Machine Learning Seminar Series
Physics-informed machine learning for molecular simulations in nanoporous materials discovery
Department of Chemistry and
Department of Computer Science & Engineering
University of Minnesota
Wednesday, October 14, 2020
Nanoporous materials are promising candidates for clean-energy chemical storage and separation processes, and a combination of high-throughput molecular simulations with machine learning methods has dramatically accelerated the design of chemical systems involving nanoporous materials. Although machine learning has shown great success in various domains, physical inductive biases play a crucial role in the generalization and transferability of machine learning models for materials discovery. Based on the statistical thermodynamic nature of molecular simulations, the loss function of a machine learning model predicting molecular simulation results can be structured as minimizing the KL divergence between the statistical thermodynamics distribution and the approximating distribution parametrized by the model. When multiple types of guest molecules are separated by a nanoporous material, a strongly physics-informed and interpretable machine learning model based on the Transformer was developed by drawing an analogy between molecules in a chemical system and words in natural language. With almost trivial modifications to the original Transformer, the model dramatically outperformed a regular neural network on generalization in the state space for the separation of an 8-component benzene derivative mixture. Besides integrating physical principles into model architecture, meta-learning was also an effective approach to directly learning physical inductive biases from data. A metal-learning model was developed to jointly learn the hydrogen storage properties of multiple materials at multiple thermodynamic states using many small simulation datasets, improving extrapolation and few-shot performance. While machine learning was mainly employed as surrogate models for simulations, data-driven or differentiable simulations have also emerged as a new research direction.

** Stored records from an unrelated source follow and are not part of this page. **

lemma almost_full_on_imp_no_decreasing_downsets:
  assumes "almost_full_on le P" "\<And>i. D i \<in> downsets P le"
  shows "\<not> (\<forall>i. D (Suc i) \<subset> D i)"
proof
  assume D: "\<forall>i. D (Suc i) \<subset> D i"
  then have "\<forall>i. \<exists>y. y \<in> D i - D (Suc i)" by blast
  then obtain x where x: "\<And>i. x i \<in> D i - D (Suc i)" by metis
  then have "x i \<in> P" for i using assms(2) unfolding downsets_def downward_closed_def by blast
  then obtain i j where "i < j" "le (x i) (x j)" by (rule almost_full_onD[OF assms(1)])
  moreover have "D j \<subseteq> D (Suc i)"
    using lift_Suc_antimono_le[of D "Suc i" j] D \<open>i < j\<close> by (simp add: psubset_imp_subset)
  ultimately have "x i \<in> D (Suc i)"
    using x assms(2) \<open>x i \<in> P\<close> unfolding downsets_def downward_closed_def by blast
  then show False using x by blast
qed

lemma wf_psubset_downsets:
  assumes "almost_full_on le P"
  shows "wf {(X, Y). X \<subset> Y \<and> X \<in> downsets P le \<and> Y \<in> downsets P le}"
  unfolding wf_iff_no_infinite_down_chain
proof
  assume "\<exists>D. \<forall>i.
    (D (Suc i), D i) \<in> {(X, Y). X \<subset> Y \<and> X \<in> downsets P le \<and> Y \<in> downsets P le}"
  then obtain D
    where "\<forall>i. (D (Suc i), D i) \<in> {(X, Y). X \<subset> Y \<and> X \<in> downsets P le \<and> Y \<in> downsets P le}"
    by (elim exE)
  then have "\<And>i. D i \<in> downsets P le" "\<forall>i. D (Suc i) \<subset> D i" by auto
  then show False using almost_full_on_imp_no_decreasing_downsets[OF assms] by blast
qed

Yangzesheng Sun (Department of Chemistry and Department of Computer Science & Engineering, University of Minnesota) Yangzesheng (Andrew) Sun is a PhD student in the Department of Chemistry at University of Minnesota, advised by prof. J. Ilja Siepmann. His research interests include physics-informed machine learning, Monte Carlo simulations for molecular systems, and high-performance computing. He received BS in Chemistry with Honors from Wuhan University in 2017.